Discussion in 'The Bathroom Wall' started by Couchpotato94, Aug 13, 2006.

  1. Confucius say, Man who fart in church must sit in his own pew.
    Confucius say, Man who fly airplane upside-down bound to have crack up.
    Confucius say, Wife who puts man in dog house may find him in cat house.
    Confucius say, Virgin like balloon — one prick, all gone.
    Confucius say, Man with athletic finger make broad jump.
    Confucius say, Man who stand on toilet is high on pot
    Confucius say, Man who walk through airport door sideways going to Bangkok(That one is great =D)
    Confucius say, Man who drop watch in toilet have shitty time.
    Confucius say, Man with hand in pocket feel cocky all day.
    Confucius say, Baseball got it all wrong — man with four balls cannot walk.
     

  2. Vidic15

    Vidic15 No Custom Title Exists V.I.P. Lifetime

    Conficus lived in 300BC or less and do you think that Planes even existed then..I dont think so..So

    I think u made that joke up
     
  3. Drky

    Drky Guest

  4. HAHA, I don't think he gets it. o_o
     
  5. Italiano

    Italiano Film Elitist

    heh, heh, you do realize this is the humor section right?

    Confucius say,
    -never approach a bull from the front, a horse from the back, or an idiot from any direction
    -Mother's day comes nine months after Father's day
    -A magazine is a bunch of pages to tell you what's going to be in the next issue.
    -A tattoo is permenant proof of temporary insanity.
     
  6. Merc

    Merc Certified Shitlord V.I.P. Lifetime

    Way to break the pattern, tard.

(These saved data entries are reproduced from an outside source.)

lemma sum_distinct_pairs_Kedges:
  fixes f :: "nat set \<Rightarrow> 'b :: comm_semiring_1"
  shows "(\<Sum>u<r. \<Sum>v\<in>{..<r} - {u}. f {u, v}) = 2 * (\<Sum>e\<in>Kedges r. f e)"
proof -
  define D where "D = Sigma {..<r} (\<lambda>u. {..<r} - {u})"
  define edge :: "nat \<times> nat \<Rightarrow> nat set" where "edge = (\<lambda>(u, v). {u, v})"
  have fiber_sum: "(\<Sum>p\<in>{p \<in> D. edge p = e}. f (edge p)) = 2 * f e" if e: "e \<in> Kedges r" for e
  proof -
    obtain u v where uv: "e = {u, v}" "u < r" "v < r" "u \<noteq> v"
      using e by (auto simp: Kedges_def)
    then have "{p \<in> D. edge p = e} = {(u, v), (v, u)}"
      by (auto simp: D_def edge_def doubleton_eq_iff)
    with uv show ?thesis
      by (simp add: edge_def insert_commute mult_2)
  qed
  have "(\<Sum>u<r. \<Sum>v\<in>{..<r} - {u}. f {u, v}) = (\<Sum>p\<in>D. f (edge p))"
    unfolding D_def edge_def by (simp add: sum.Sigma split_def)
  also have "\<dots> = (\<Sum>e\<in>Kedges r. \<Sum>p\<in>{p \<in> D. edge p = e}. f (edge p))"
    by (rule sum.group[symmetric, OF _ finite_Kedges]) (auto simp: D_def Kedges_def edge_def)
  also have "\<dots> = (\<Sum>e\<in>Kedges r. 2 * f e)"
    using fiber_sum by (rule sum.cong[OF refl])
  finally show ?thesis
    by (simp add: sum_distrib_left)
qed

definition hamiltonian :: "nat \<Rightarrow> nat list \<Rightarrow> bool" where
  "hamiltonian r xs \<longleftrightarrow> distinct xs \<and> set xs = {..<r}"

lemma length_hamiltonian: "hamiltonian r xs \<Longrightarrow> length xs = r"
  unfolding hamiltonian_def using distinct_card by fastforce

lemma hamiltonian_is_cycle: "hamiltonian r xs \<Longrightarrow> 3 \<le> r \<Longrightarrow> is_cycle r xs"
  using length_hamiltonian by (auto simp: hamiltonian_def is_cycle_def atLeast0LessThan)

lemma hamiltonian_map_permutes: "\<sigma> permutes {..<r} \<Longrightarrow> hamiltonian r (map \<sigma> [0..<r])"
  by (simp add: hamiltonian_def distinct_map permutes_inj_on permutes_image atLeast0LessThan)

lemma sum_cycle_edges_map_permutes:
  assumes "\<sigma> permutes {..<r}" "3 \<le> r"
  shows "(\<Sum>e\<in>cycle_edges (map \<sigma> [0..<r]). f e) = (\<Sum>i<r. f {\<sigma> i, \<sigma> ((i + 1) mod r)})"
proof -
  have "hamiltonian r (map \<sigma> [0..<r])"
    using assms(1) by (rule hamiltonian_map_permutes)
  then have "(\<Sum>e\<in>cycle_edges (map \<sigma> [0..<r]). f e) = (\<Sum>i<r. f (cycle_edge (map \<sigma> [0..<r]) i))"
    using assms(2) by (simp add: sum_cycle_edges hamiltonian_def)
  also have "\<dots> = (\<Sum>i<r. f {\<sigma> i, \<sigma> ((i + 1) mod r)})"
    using assms(2) by (intro sum.cong) (auto simp: cycle_edge_def)
  finally show ?thesis .
qed

lemma hamiltonian_eq_map_permutes:
  assumes "hamiltonian r xs"
  obtains \<sigma> where "\<sigma> permutes {..<r}" "xs = map \<sigma> [0..<r]"
proof -
  have "mset xs = mset [0..<r]"
    using assms unfolding hamiltonian_def
    by (metis atLeast0LessThan distinct_upt set_eq_iff_mset_eq_distinct set_upt)
  then obtain \<sigma> where \<sigma>: "\<sigma> permutes {..<r}" "permute_list \<sigma> [0..<r] = xs"
    by (metis length_upt minus_nat.diff_0 mset_eq_permutation)
  have "permute_list \<sigma> [0..<r] = map \<sigma> [0..<r]"
    using permutes_in_image[OF \<sigma>(1)] by (auto simp: permute_list_def)
  with \<sigma> show thesis
    using that by simp
qed

lemma hamiltonian_extend:
  assumes "distinct xs" "set xs \<subseteq> {..<r}"
  obtains ys where "hamiltonian r (xs @ ys)"
proof
  show "hamiltonian r (xs @ sorted_list_of_set ({..<r} - set xs))"
    using assms by (auto simp: hamiltonian_def)
qed

lemma cycle_weight_swap:
  assumes "distinct (a # b # c # d # ys)"
  shows "cycle_weight w (a # b # c # d # ys) + w {a, c} + w {b, d}
           = cycle_weight w (a # c # b # d # ys) + w {a, b} + w {c, d}"
proof -
  define xs where "xs = a # b # c # d # ys"
  define zs where "zs = a # c # b # d # ys"
  define n where "n = length ys + 4"
  define tail where "tail vs = (\<Sum>i\<in>{3..<n}. w (cycle_edge vs i))" for vs
  have len: "length xs = n" "length zs = n"
    by (simp_all add: xs_def zs_def n_def)
  have weight: "cycle_weight w vs = w (cycle_edge vs 0) + w (cycle_edge vs 1) + w (cycle_edge vs 2)
                  + tail vs" if "distinct vs" "length vs = n" for vs
  proof -
    have "{..<n} = {0, 1, 2} \<union> {3..<n}"
      by (auto simp: n_def)
    then show ?thesis
      using that by (simp add: cycle_weight_def sum_cycle_edges n_def tail_def sum.union_disjoint)
  qed
  have same_nth: "xs ! i = zs ! i" if "i \<noteq> 1" "i \<noteq> 2" for i
    using that by (auto simp: xs_def zs_def nth_Cons split: nat.split)
  have "cycle_edge xs i = cycle_edge zs i" if "i \<in> {3..<n}" for i
  proof -
    have "(i + 1) mod n \<notin> {1, 2}"
      using that by (auto simp: succ_mod_eq)
    with that show ?thesis
      using same_nth len by (simp add: cycle_edge_def)
  qed
  then have "tail xs = tail zs"
    by (simp add: tail_def)
  moreover have "distinct xs" "distinct zs"
    using assms by (auto simp: xs_def zs_def)
  moreover have "cycle_edge xs 0 = {a, b}" "cycle_edge xs 1 = {b, c}" "cycle_edge xs 2 = {c, d}"
    "cycle_edge zs 0 = {a, c}" "cycle_edge zs 1 = {b, c}" "cycle_edge zs 2 = {b, d}"
    by (simp_all add: cycle_edge_def xs_def zs_def insert_commute)
  ultimately show ?thesis
    using weight len unfolding xs_def[symmetric] zs_def[symmetric] by simp
qed

lemma four_point_imp_additive:
  fixes g :: "nat set \<Rightarrow> real"
  assumes four_point: "\<And>a b c d. a < r \<Longrightarrow> b < r \<Longrightarrow> c < r \<Longrightarrow> d < r \<Longrightarrow> distinct [a, b, c, d] \<Longrightarrow>
              g {a, b} + g {c, d} = g {a, c} + g {b, d}"
  obtains h where "\<And>u v. u < r \<Longrightarrow> v < r \<Longrightarrow> u \<noteq> v \<Longrightarrow> g {u, v} = h u + h v"
proof
  \<comment> \<open>h 0 and h 1 are forced by the triangle 0 1 2, and h u for u \<ge> 2 by the triangle 0 1 u.\<close>
  define h where "h u = (if u = 0 then g {0, 1} + g {0, 2} - g {1, 2}
     else if u = 1 then g {0, 1} + g {1, 2} - g {0, 2}
     else g {u, 0} + g {u, 1} - g {0, 1}) / 2" for u
  have ordered: "g {u, v} = h u + h v" if uv: "u < v" "v < r" for u v
  proof -
    have "u = 0 \<or> u = 1 \<or> u \<ge> 2" "v = 1 \<or> v = 2 \<or> v \<ge> 3"
      using uv by auto
    then consider "u = 0" "v = 1" | "u = 0" "v = 2" | "u = 1" "v = 2"
      | "u = 0" "v \<ge> 3" | "u = 1" "v \<ge> 3" | "u \<ge> 2"
      using uv by fastforce
    then show ?thesis
    proof cases
      case 4
      with uv four_point[of 0 2 v 1] show ?thesis
        by (simp add: h_def insert_commute field_simps)
    next
      case 5
      with uv four_point[of 1 2 v 0] show ?thesis
        by (simp add: h_def insert_commute field_simps)
    next
      case 6
      with uv four_point[of u 0 v 1] four_point[of u 1 v 0] show ?thesis
        by (simp add: h_def insert_commute field_simps)
    qed (use uv in \<open>auto simp: h_def insert_commute field_simps\<close>)
  qed
  show "g {u, v} = h u + h v" if "u < r" "v < r" "u \<noteq> v" for u v
    using that ordered[of u v] ordered[of v u] by (cases "u < v") (auto simp: insert_commute)
qed

context
  fixes r :: nat and w :: "nat set \<Rightarrow> real"
  assumes three_le_r: "3 \<le> r"
    and pos: "\<And>e. e \<in> Kedges r \<Longrightarrow> w e > 0"
    and tight: "(\<Sum>e\<in>Kedges r. w e / Cw r w e) = (real r - 1) / 2"
begin

lemma sum_permutes_ratio_pair:
  assumes "i < r" "j < r" "i \<noteq> j"
  shows "real r * (\<Sum>\<sigma> | \<sigma> permutes {..<r}. w {\<sigma> i, \<sigma> j} / Cw r w {\<sigma> i, \<sigma> j}) = fact r"
proof -
  define \<psi> where "\<psi> u v = w {u, v} / Cw r w {u, v}" for u v
  have "(\<Sum>u<r. \<Sum>v\<in>{..<r} - {u}. \<psi> u v) = real r - 1"
    using sum_distinct_pairs_Kedges[of "\<lambda>e. w e / Cw r w e" r] tight by (simp add: \<psi>_def)
  then have "real (r * (r - 1)) * (\<Sum>\<sigma> | \<sigma> permutes {..<r}. \<psi> (\<sigma> i) (\<sigma> j)) = fact r * (real r - 1)"
    using sum_permutes_apply_pair[of "{..<r}" i j \<psi>] assms by simp
  then show ?thesis
    using three_le_r by (simp add: of_nat_diff \<psi>_def)
qed

lemma ratio_sum_hamiltonian_eq_1:
  assumes "hamiltonian r xs"
  shows "(\<Sum>e\<in>cycle_edges xs. w e / Cw r w e) = 1"
proof -
  define P where "P = {\<sigma>. \<sigma> permutes {..<r}}"
  define R where "R \<sigma> = (\<Sum>e\<in>cycle_edges (map \<sigma> [0..<r]). w e / Cw r w e)" for \<sigma>
  have R_le: "R \<sigma> \<le> 1" if "\<sigma> \<in> P" for \<sigma>
    using that hamiltonian_map_permutes hamiltonian_is_cycle three_le_r cycle_ratio_sum_le_1(1) pos
    by (simp add: P_def R_def)
  have "(\<Sum>\<sigma>\<in>P. R \<sigma>) = (\<Sum>\<sigma>\<in>P. \<Sum>i<r. w {\<sigma> i, \<sigma> ((i + 1) mod r)} / Cw r w {\<sigma> i, \<sigma> ((i + 1) mod r)})"
    using three_le_r by (intro sum.cong) (simp_all add: P_def R_def sum_cycle_edges_map_permutes)
  also have "\<dots> = (\<Sum>i<r. \<Sum>\<sigma>\<in>P. w {\<sigma> i, \<sigma> ((i + 1) mod r)} / Cw r w {\<sigma> i, \<sigma> ((i + 1) mod r)})"
    by (rule sum.swap)
  also have "\<dots> = (\<Sum>i<r. fact r / real r)"
  proof (rule sum.cong)
    fix i
    assume "i \<in> {..<r}"
    moreover have "(i + 1) mod r \<noteq> i"
      using \<open>i \<in> {..<r}\<close> three_le_r by (simp add: succ_mod_eq)
    ultimately show "(\<Sum>\<sigma>\<in>P. w {\<sigma> i, \<sigma> ((i + 1) mod r)} / Cw r w {\<sigma> i, \<sigma> ((i + 1) mod r)})
                       = fact r / real r"
      using sum_permutes_ratio_pair[of i "(i + 1) mod r"] three_le_r by (simp add: P_def field_simps)
  qed simp
  also have "\<dots> = (\<Sum>\<sigma>\<in>P. 1)"
    using three_le_r by (simp add: P_def card_permutations)
  finally have sum_R: "(\<Sum>\<sigma>\<in>P. R \<sigma>) = (\<Sum>\<sigma>\<in>P. 1)" .
  have "finite P"
    by (simp add: P_def finite_permutations)
  then have "R \<sigma> = 1" if "\<sigma> \<in> P" for \<sigma>
    using sum_R R_le that by (rule sum_mono_inv[rotated 3])
  moreover obtain \<sigma> where "\<sigma> permutes {..<r}" "xs = map \<sigma> [0..<r]"
    using assms by (rule hamiltonian_eq_map_permutes)
  ultimately show ?thesis
    by (simp add: R_def P_def)
qed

That's not how it goes!

    Confucius say... He who lives in glass house, dress in basement

    Confucius say.... Lady who go camping must beware of evil intent.

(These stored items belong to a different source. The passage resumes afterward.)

text \<open>The maximum over the norming tests is attained: pick a set \<open>A\<^sub>0\<close> maximising the norm of the
  averaged partial sums, and a functional norming that vector.\<close>
lemma norming_tests_attained:
  fixes v :: "nat \<Rightarrow> 'a::banach"
  assumes cs: "\<And>i. cs i \<in> conv_block i" and bound: "\<And>n. norm (v n) \<le> M"
  shows "\<exists>\<phi>\<in>norming_tests v. \<forall>\<psi>\<in>norming_tests v.
           dyadic_avg (\<lambda>i. comb (cs i) \<psi>) \<le> dyadic_avg (\<lambda>i. comb (cs i) \<phi>)"
proof -
  define w where "w A = dyadic_avg (\<lambda>i. block_vec v (cs i) A)" for A
  have test_value: "dyadic_avg (\<lambda>i. comb (cs i) (\<lambda>n. if n \<in> A then f (v n) else 0)) = f (w A)"
    if "bounded_linear f" for f :: "'a \<Rightarrow> real" and A
  proof -
    have "f (w A) = dyadic_avg (\<lambda>i. f (block_vec v (cs i) A))"
      unfolding w_def by (rule dyadic_linear[OF that block_vec_norm[OF cs bound]])
    also have "\<dots> = dyadic_avg (\<lambda>i. comb (cs i) (\<lambda>n. if n \<in> A then f (v n) else 0))"
      using block_vec_functional[OF bounded_linear.linear[OF that] conv_blockD(1)[OF cs]] by simp
    finally show ?thesis by simp
  qed
  obtain A0 where A0: "\<And>A. norm (w A) \<le> norm (w A0)"
  proof -
    have "\<exists>A0. \<forall>A. norm (w A) \<le> norm (w A0)"
    proof (rule set_function_attains_max)
      show "norm (w A) \<le> M" for A
        unfolding w_def by (rule dyadic_norm) (rule block_vec_norm[OF cs bound])
    qed (unfold w_def, rule block_avg_continuous[OF cs bound])
    then show ?thesis using that by blast
  qed
  obtain f0 where f0: "bounded_linear f0" "\<And>x. \<bar>f0 x\<bar> \<le> norm x" "f0 (w A0) = norm (w A0)"
    using norming_functional by blast
  show ?thesis
  proof (intro bexI ballI)
    fix \<psi> assume "\<psi> \<in> norming_tests v"
    then obtain A f where f: "bounded_linear f" "\<And>x. \<bar>f x\<bar> \<le> norm x"
      and \<psi>: "\<psi> = (\<lambda>n. if n \<in> A then f (v n) else 0)"
      unfolding norming_tests_def by blast
    have "f (w A) \<le> norm (w A0)" using f(2)[of "w A"] A0[of A] by linarith
    then show "dyadic_avg (\<lambda>i. comb (cs i) \<psi>)
        \<le> dyadic_avg (\<lambda>i. comb (cs i) (\<lambda>n. if n \<in> A0 then f0 (v n) else 0))"
      unfolding \<psi> test_value[OF f(1)] test_value[OF f0(1)] f0(3) .
  next
    show "(\<lambda>n. if n \<in> A0 then f0 (v n) else 0) \<in> norming_tests v"
      unfolding norming_tests_def using f0(1,2) by blast
  qed
qed

text \<open>The averaged weight of coordinate \<open>n\<close> tends to zero, since only late blocks can charge
  late coordinates.\<close>
lemma coordinate_weights_null:
  assumes cs: "\<And>i. cs i \<in> conv_block i"
  shows "(\<lambda>n. dyadic_avg (\<lambda>i. cs i n)) \<longlonglongrightarrow> 0"
proof (rule LIMSEQ_I)
  fix \<theta> :: real assume "\<theta> > 0"
  have "(\<lambda>I. 2 * (1/2::real) ^ I) \<longlonglongrightarrow> 0"
    by (intro tendsto_mult_right_zero LIMSEQ_power_zero) simp
  from LIMSEQ_D[OF this \<open>\<theta> > 0\<close>] obtain I where "norm (2 * (1/2::real) ^ I - 0) < \<theta>" by blast
  then have I: "2 * (1/2::real) ^ I < \<theta>" by simp
  obtain K where K: "\<forall>i<I. \<forall>n\<ge>K. cs i n = 0"
    using fin_supp_uniform[of I cs] conv_blockD(1)[OF cs] by blast
  have entries: "norm (cs i n) \<le> 1" for i n
    using conv_block_le1[OF cs] conv_blockD(2)[OF cs] by simp
  have "norm (dyadic_avg (\<lambda>i. cs i n) - 0) < \<theta>" if "n \<ge> K" for n
  proof -
    have "norm (dyadic_avg (\<lambda>i. cs i n) - dyadic_avg (\<lambda>_. 0)) \<le> 2 * 1 * (1/2) ^ I"
      by (rule dyadic_close) (use entries K that in auto)
    then show ?thesis using I by (simp add: dyadic_avg_def)
  qed
  then show "\<exists>K. \<forall>n\<ge>K. norm (dyadic_avg (\<lambda>i. cs i n) - 0) < \<theta>" by blast
qed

    Confucius say... He who run behind bus get exhausted.

    Confucius say... Man who leap off cliff jump to conclusion.

    Confucius say... Man who smoke pot choke on handle!

    Confucius say... Man who eat picture of father soon be spitting image of father.

    Confucius say... He who laughs last, thinks slowest.

    Confucius say... He who cooks corn and peas in the same pot is very unsanitary.

    Confucius say... He who sit on tack is better off.

    Confucius say... He who sleep on road wake up with run down feeling.

    Confucius say... He who put face in fruit drink get punch in the nose.

    Confucius say... Man who sleep on railroad track end up with split personality.

    Confucious say... Man who sleep with itchy butt, wake up with smelly finger.

    Confucious say... Man with one chopstick go hungry.

    Confucious say... Man who scratches butt should not bite fingernails.

    Confucious say... Man who eat many prunes get good run for money.
     
  7. oxyMORON

    oxyMORON A Darker Knight

    Confucius say, a penis is the only thing a woman wants to find hard to handle

    Confucius say, an opera is the only place where if a guy gets stabbed, he sings

    Confucius say, having a hole at the end of the penis lets a man be open minded

    COnfucius say, watching how a woman eats an ice cream cone will let you know how good she is in bed

    Confucius say, a kiss is only upstairs shopping for downstairs merchandise.

    Confucius say, masturbation is a solo played on a private organ

    COnfucius say, it's OK to let a fool kiss you, but don't let a kiss fool you.